Since version information can be important for data consumers, a reference that indicates the version would make sense for the profile
. If there are no breaking changes between minor versions with regards to how OCR text is expressed in ALTO, the namespace would suffice.
First of all I appreciate the initiative of iif and glad alto is considered on this api as one standard format. Due to the case that ALTO is not containing appliciation specific information than containing text content, the format should be "text/xml". This is according to what was has been used on MIMETYPE attribute in METS on existing METS profiles and as done on the Europeana newspaper project. I agree regarding the "profile" to statement of "kba". Regarding the "label" I suppose this is only used for display purpose and spacing is no issue on this.
So I would recommend as followed for an ALTO file of version 3:
seeAlso: {
@id: "http://wellcomelibrary.org/service/alto/b19956435/0?image=0",
format: "text/xml",
profile: "http://www.loc.gov/standards/alto/v3",
label: "ALTO XML"\
}
I wonder whether it might be worth considering the registration of a MIME type "application/alto+xml", similar to what RFC6207 specifies for METS/MODS/MADS/MARC21/SRU.
@Jo-CCS Yes, "label" is a free text field and only used for orientation.
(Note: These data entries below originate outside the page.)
(* In the Mean-Var-BTS-RED setting, let $p=\frac1{4e\sqrt\pi}$ and let $S'_t=\{\boldsymbol x\in\mathcal X:\Delta(\boldsymbol x)>\omega c_t\sigma_{t-1}(\boldsymbol x)+(1-\omega)c'_t\sigma'_{t-1}(\boldsymbol x)\}$ with $\Delta(\boldsymbol x)=h(\boldsymbol x^*_\omega)-h(\boldsymbol x)$. For every $t\ge1$ and all histories $\mathcal F_{t-1},\mathcal F'_{t-1}$ on which both $E^f(t)$ and $E^g(t)$ hold, $$\mathbb P\big(\boldsymbol x^{(b)}_t\in\mathcal X\setminus S'_t\mid\mathcal F_{t-1},\mathcal F'_{t-1}\big)\ge p^2-1/t^2\qquad\text{for all }b\in[b_t].$$
   Context: Setting (Mean-Var-BTS-RED). $\mathcal X$ finite; $k,k'$ squared-exponential kernels on $\mathcal X$ (so $k(\boldsymbol x,\boldsymbol x)=k'(\boldsymbol x,\boldsymbol x)=1$). Unknown $f\in\mathcal H_k$ with $\|f\|_{\mathcal H_k}\le B$, unknown noise variance $\sigma^2:\mathcal X\to(0,\infty)$ with maximum $\sigma^2_{\max}$, and $g=-\sigma^2$ with $\|g\|_{\mathcal H_{k'}}\le B'$. Querying $\boldsymbol x$ returns $f(\boldsymbol x)+\epsilon$, $\epsilon\sim\mathcal N(0,\sigma^2(\boldsymbol x))$ independently. Horizon $T$, budget $\mathbb B\in\mathbb N$, $R^2>0$, weight $\omega\in[0,1]$, $\lambda=1+2/T$, $\delta\in(0,1)$, minimum replication $n_{\min}\ge2$. GP posterior formulas: from pairs $(\boldsymbol x_i,y_i)$, $\mu(\boldsymbol x)=\boldsymbol k(\boldsymbol x)^\top(\boldsymbol K+\lambda I)^{-1}\boldsymbol y$, $s^2(\boldsymbol x,\boldsymbol x')=k(\boldsymbol x,\boldsymbol x')-\boldsymbol k(\boldsymbol x)^\top(\boldsymbol K+\lambda I)^{-1}\boldsymbol k(\boldsymbol x')$. $\mu_{t-1},\sigma^2_{t-1}(\cdot,\cdot)$ (kernel $k$) use pairs $(\boldsymbol x^{(b)}_{t'},y^{(b)}_{t'})$ and $\mu'_{t-1},\sigma'^2_{t-1}(\cdot,\cdot)$ (kernel $k'$) use pairs $(\boldsymbol x^{(b)}_{t'},\widetilde y^{(b)}_{t'})$, $t'<t$; $\sigma_{t-1}(\boldsymbol x)$, $\sigma'_{t-1}(\boldsymbol x)$ are the posterior standard deviations. Algorithm: in iteration $t$, for $b=1,2,\dots$: independently sample $f^{(b)}_t\sim\mathcal{GP}(\mu_{t-1},\beta_t^2\sigma^2_{t-1})$ and $g^{(b)}_t\sim\mathcal{GP}(\mu'_{t-1},\beta_t'^2\sigma'^2_{t-1})$; set $\boldsymbol x^{(b)}_t\in\arg\max_{\boldsymbol x}[\omega f^{(b)}_t(\boldsymbol x)+(1-\omega)g^{(b)}_t(\boldsymbol x)]$ and $n^{(b)}_t=\max\{n_{\min},\lceil(-\mu'_{t-1}(\boldsymbol x^{(b)}_t)+\beta'_t\sigma'_{t-1}(\boldsymbol x^{(b)}_t))/R^2\rceil\}$; stop at the first $b$ with $\sum_{b'\le b}n^{(b')}_t\ge\mathbb B$ and set $b_t=b-1$. Each $\boldsymbol x^{(b)}_t$, $b\in[b_t]$, is queried $n^{(b)}_t$ times; $y^{(b)}_t$ is the empirical mean and $\widetilde y^{(b)}_t=-\frac1{n^{(b)}_t-1}\sum_n(y^{(b)}_{t,n}-y^{(b)}_t)^2$ the negated unbiased empirical variance. $\tau_{t-1}=\sum_{t'<t}b_{t'}$. $\Gamma_m$ ($\Gamma'_m$) is the maximum over $|A|\le m$ of $\frac12\log\det(I+\lambda^{-1}K_A)$ for $k$ ($k'$). $\beta_t=B+R\sqrt{2(\Gamma_{\tau_{t-1}}+1+\log(3/\delta))}$, $\beta'_t=B'+R'\sqrt{2(\Gamma'_{\tau_{t-1}}+1+\log(3/\delta))}$ for a constant $R'>0$, $c_t=\beta_t(1+\sqrt{2\log(2\mathbb B|\mathcal X|t^2)})$, $c'_t=\beta'_t(1+\sqrt{2\log(2\mathbb B|\mathcal X|t^2)})$. $h(\boldsymbol x)=\omega f(\boldsymbol x)+(1-\omega)g(\boldsymbol x)$, $\boldsymbol x^*_\omega\in\arg\max h$. $\mathcal F_{t-1}$ ($\mathcal F'_{t-1}$) is the history of observed (input, empirical mean) (resp. (input, empirical noise variance)) pairs up to iteration $t-1$. $E^f(t)$: $|\mu_{t-1}(\boldsymbol x)-f(\boldsymbol x)|\le\beta_t\sigma_{t-1}(\boldsymbol x)$ for all $\boldsymbol x$; $E^g(t)$: $|\mu'_{t-1}(\boldsymbol x)-g(\boldsymbol x)|\le\beta'_t\sigma'_{t-1}(\boldsymbol x)$ for all $\boldsymbol x$. *)

theory Defs
  imports "HOL-Probability.Probability"
begin
(* Let $2\le n<d$ with $n=2$ or $n$ odd, let $n'=\min\{2n-1,d\}$, let $t$ be as defined below, let $E\in\mathrm{SL}(d,q)$ and put $T:=t^E=E^{-1}tE$. Suppose $T$ is a weak doubling element. Then: (1) $\dim(V_n\cap \mathrm{Fix}(T))\ge 1$, and if $n'<d$ then $\dim(V_n\cap\mathrm{Fix}(T))=1$; (2) if $n'<d$, then $\dim(F_{d-n}\cap \mathrm{Fix}(T))=d-n'$.
   Context: Vectors are row vectors and matrices act from the right; $\mathrm{Fix}(g)=\{x\in\mathbb{F}_q^d: xg=x\}$. $e_1,\dots,e_d$ is the standard basis of $V=\mathbb{F}_q^d$, $V_n=\langle e_1,\dots,e_n\rangle$, $F_{d-n}=\langle e_{n+1},\dots,e_d\rangle$, and $n'=\min\{2n-1,d\}$. An element $c\in\mathrm{GL}(d,q)$ is a weak doubling element if (C1) $\dim(V_n+V_nc)=n'$ and (C2) if $n'<d$ then $\dim(F_{d-n}+\mathrm{Fix}(c))=d$. $E_{i,j}(\lambda)$ is the identity matrix with $(i,j)$ entry replaced by $\lambda$ ($i\ne j$). The element $t$ is: $E_{1,2}(1)$ if $n=2$; $\operatorname{diag}(z_1,I_{d-n})$ if $n>2$ and $p=2$; $\operatorname{diag}(z_2,I_{d-n})$ if $n>2$ and $p$ odd, where ($P_\sigma$ being the $n\times n$ matrix with $e_iP_\sigma=e_{\sigma(i)}$) $z_1=P_{(1,n,n-1,\dots,2)}$ with $(1,n)$ entry changed to $-1$ if $n$ is even, and $z_2=P_{(2,n,n-1,\dots,3)}$ with $(2,n)$ entry changed to $-1$ if $n$ is odd. In particular $\dim\mathrm{Fix}(t)=d-n+1$. *)

theory Defs
  imports "Jordan_Normal_Form.VS_Connect" "Jordan_Normal_Form.Gauss_Jordan_Elimination"
begin

text \<open>Conventions: vectors of V = F_q^d are elements of carrier_vec d (type 'a vec),
  matrices are 'a mat; indices are 0-based, so the paper's basis vector e_i is
  unit_vec d (i - 1).  Vectors are row vectors and matrices act from the right:
  the row vector x times g is computed as transpose g times the column x.\<close>

definition vmul :: "'a::comm_semiring_0 vec \<Rightarrow> 'a mat \<Rightarrow> 'a vec" where
  "vmul x g = transpose_mat g *\<^sub>v x"

definition subdim :: "nat \<Rightarrow> 'a::field vec set \<Rightarrow> nat" where
  "subdim d W = vectorspace.dim class_ring ((module_vec TYPE('a) d)\<lparr>carrier := W\<rparr>)"

definition fixsp :: "nat \<Rightarrow> 'a::field mat \<Rightarrow> 'a vec set" where
  "fixsp d g = {x \<in> carrier_vec d. vmul x g = x}"

definition Vsp :: "nat \<Rightarrow> nat \<Rightarrow> 'a::field vec set" where
  "Vsp d n = {x \<in> carrier_vec d. \<forall>i. n \<le> i \<and> i < d \<longrightarrow> x $ i = 0}"

definition Fsp :: "nat \<Rightarrow> nat \<Rightarrow> 'a::field vec set" where
  "Fsp d n = {x \<in> carrier_vec d. \<forall>i. i < n \<longrightarrow> x $ i = 0}"

definition setsum_vec :: "'a::field vec set \<Rightarrow> 'a vec set \<Rightarrow> 'a vec set" where
  "setsum_vec A B = {a + b | a b. a \<in> A \<and> b \<in> B}"

definition img :: "'a::field vec set \<Rightarrow> 'a mat \<Rightarrow> 'a vec set" where
  "img A c = (\<lambda>x. vmul x c) ` A"

definition nprime :: "nat \<Rightarrow> nat \<Rightarrow> nat" where
  "nprime n d = min (2 * n - 1) d"

definition weak_doubling :: "nat \<Rightarrow> nat \<Rightarrow> 'a::field mat \<Rightarrow> bool" where
  "weak_doubling d n c \<longleftrightarrow>
     subdim d (setsum_vec (Vsp d n) (img (Vsp d n) c)) = nprime n d \<and>
     (nprime n d < d \<longrightarrow> subdim d (setsum_vec (Fsp d n) (fixsp d c)) = d)"

definition elem_mat :: "nat \<Rightarrow> nat \<Rightarrow> nat \<Rightarrow> 'a::field \<Rightarrow> 'a mat" where
  "elem_mat d i j l = mat d d (\<lambda>(a, b). if a = i \<and> b = j then l else if a = b then 1 else 0)"

text \<open>P_sigma with e_i P_sigma = e_(sigma i): row i has its 1 in column sigma i.\<close>
definition perm_mat :: "nat \<Rightarrow> (nat \<Rightarrow> nat) \<Rightarrow> 'a::field mat" where
  "perm_mat n \<sigma> = mat n n (\<lambda>(i, j). if j = \<sigma> i then 1 else 0)"

text \<open>sigma1 = cycle (1,n,n-1,...,2), 0-based: 0 -> n-1, k -> k-1 (1 <= k <= n-1)\<close>
definition sigma1 :: "nat \<Rightarrow> nat \<Rightarrow> nat" where
  "sigma1 n k = (if k = 0 then n - 1 else k - 1)"

text \<open>sigma2 = cycle (2,n,n-1,...,3), 0-based: 0 -> 0, 1 -> n-1, k -> k-1 (2 <= k <= n-1)\<close>
definition sigma2 :: "nat \<Rightarrow> nat \<Rightarrow> nat" where
  "sigma2 n k = (if k = 0 then 0 else if k = 1 then n - 1 else k - 1)"

definition z1 :: "nat \<Rightarrow> 'a::field mat" where
  "z1 n = (let P = perm_mat n (sigma1 n) in
           if even n then mat n n (\<lambda>(i, j). if i = 0 \<and> j = n - 1 then -1 else P $$ (i, j)) else P)"

definition z2 :: "nat \<Rightarrow> 'a::field mat" where
  "z2 n = (let P = perm_mat n (sigma2 n) in
           if odd n then mat n n (\<lambda>(i, j). if i = 1 \<and> j = n - 1 then -1 else P $$ (i, j)) else P)"

definition diag_block :: "nat \<Rightarrow> 'a::field mat \<Rightarrow> 'a mat" where
  "diag_block d z = four_block_mat z (0\<^sub>m (dim_row z) (d - dim_row z)) (0\<^sub>m (d - dim_row z) (dim_row z)) (1\<^sub>m (d - dim_row z))"

definition tmat :: "nat \<Rightarrow> nat \<Rightarrow> 'a::{field,finite} mat" where
  "tmat d n = (if n = 2 then elem_mat d 0 1 1
               else if CHAR('a) = 2 then diag_block d (z1 n)
               else diag_block d (z2 n))"

end

theory Submission
  imports Defs "HOL-Library.Cardinality"
begin

text \<open>Over a field with \<open>q\<close> elements a subspace \<open>W\<close> has \<open>q ^ dim W\<close> elements, and counting the
  fibres of \<open>(a, b) \<mapsto> a + b\<close> gives \<open>|A + B| \<cdot> |A \<inter> B| = |A| \<cdot> |B|\<close>; hence
  \<open>dim (A + B) + dim (A \<inter> B) = dim A + dim B\<close>.  Conjugation preserves the dimension of the fixed
  space, and a direct computation gives \<open>dim Fix(t) = d - n + 1\<close>.  With \<open>X = Fix(T)\<close>:
  \<open>dim (V\<^sub>n \<inter> X) \<ge> n + (d - n + 1) - d = 1\<close>; if \<open>n' = 2n - 1 < d\<close> then
  \<open>V\<^sub>n \<inter> X \<subseteq> V\<^sub>n \<inter> V\<^sub>nT\<close>, whose dimension is \<open>n + dim (V\<^sub>nT) - n' \<le> 1\<close> by (C1); and by (C2)
  \<open>dim (F\<^sub>d\<^sub>-\<^sub>n \<inter> X) = (d - n) + (d - n + 1) - d = d - n'\<close>.\<close>

section \<open>Subspaces of a finite vector space\<close>

lemma (in vectorspace) card_carrier_eq_card_pow_dim:
  assumes "finite (carrier V)" and "finite (carrier K)"
  shows "card (carrier V) = card (carrier K) ^ dim"
proof -
  have "fin_dim"
    unfolding fin_dim_def using assms(1) span_closed span_mem by blast
  then obtain \<beta> where fin: "finite \<beta>" and basis: "basis \<beta>"
    using finite_basis_exists by blast
  then have \<beta>: "\<beta> \<subseteq> carrier V"
    unfolding basis_def by blast
  have unique: "\<exists>!a. a \<in> \<beta> \<rightarrow>\<^sub>E carrier K \<and> lincomb a \<beta> = v" if "v \<in> carrier V" for v
    using basis_criterion[OF fin \<beta>] basis that by blast
  have "bij_betw (\<lambda>a. lincomb a \<beta>) (\<beta> \<rightarrow>\<^sub>E carrier K) (carrier V)"
  proof (rule bij_betw_imageI)
    have closed: "lincomb a \<beta> \<in> carrier V" if "a \<in> \<beta> \<rightarrow>\<^sub>E carrier K" for a
      using lincomb_closed[OF \<beta>] that by (simp add: PiE_iff)
    show "inj_on (\<lambda>a. lincomb a \<beta>) (\<beta> \<rightarrow>\<^sub>E carrier K)"
    proof (rule inj_onI)
      fix a b
      assume "a \<in> \<beta> \<rightarrow>\<^sub>E carrier K" "b \<in> \<beta> \<rightarrow>\<^sub>E carrier K" "lincomb a \<beta> = lincomb b \<beta>"
      then show "a = b"
        using unique[OF closed] by blast
    qed
    show "(\<lambda>a. lincomb a \<beta>) ` (\<beta> \<rightarrow>\<^sub>E carrier K) = carrier V"
      using closed unique by blast
  qed
  then have "card (carrier V) = card (\<beta> \<rightarrow>\<^sub>E carrier K)"
    by (simp add: bij_betw_same_card)
  then show ?thesis
    using dim_basis[OF fin basis] by (simp add: card_PiE fin)
qed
Yes, also a registration of MIME type "application/alto+xml" makes sense to me.
"application/alto+xml" sounds great to me. IIIF documentation has already some samples with "application/tei+xml"
To register alto+xml, we need to write a RFC and submit it to iana.org. -> tei+xml : https://tools.ietf.org/html/rfc6129
My BnF colleagues argue that it's not mandatory. Eg: application/warc isn't declared at IANA but it's an ISO standard. -> http://www.iso.org/iso/catalogue_detail.htm?csnumber=44717
Certainly one can also live without the RFC, but note that due to this, WARC is also not currently considered a registered MIME-type, cf. https://kris-sigur.blogspot.de/2016/05/warc-mime-type.html "if we wish to have this standardized then going through this process is the only option"
The iiif defines a Presentation API that allows the representation of - where available - OCR results in ALTO as annotations, linked by a manifest.
Example:
It would be good to have a recommendation from the ALTO board on the values for two fields, format and label. The format should resemble a MIME-type, e.g. application/xml or text/xml, while the later can be a simple text like "ALTO XML", "ALTO OCR" or similar.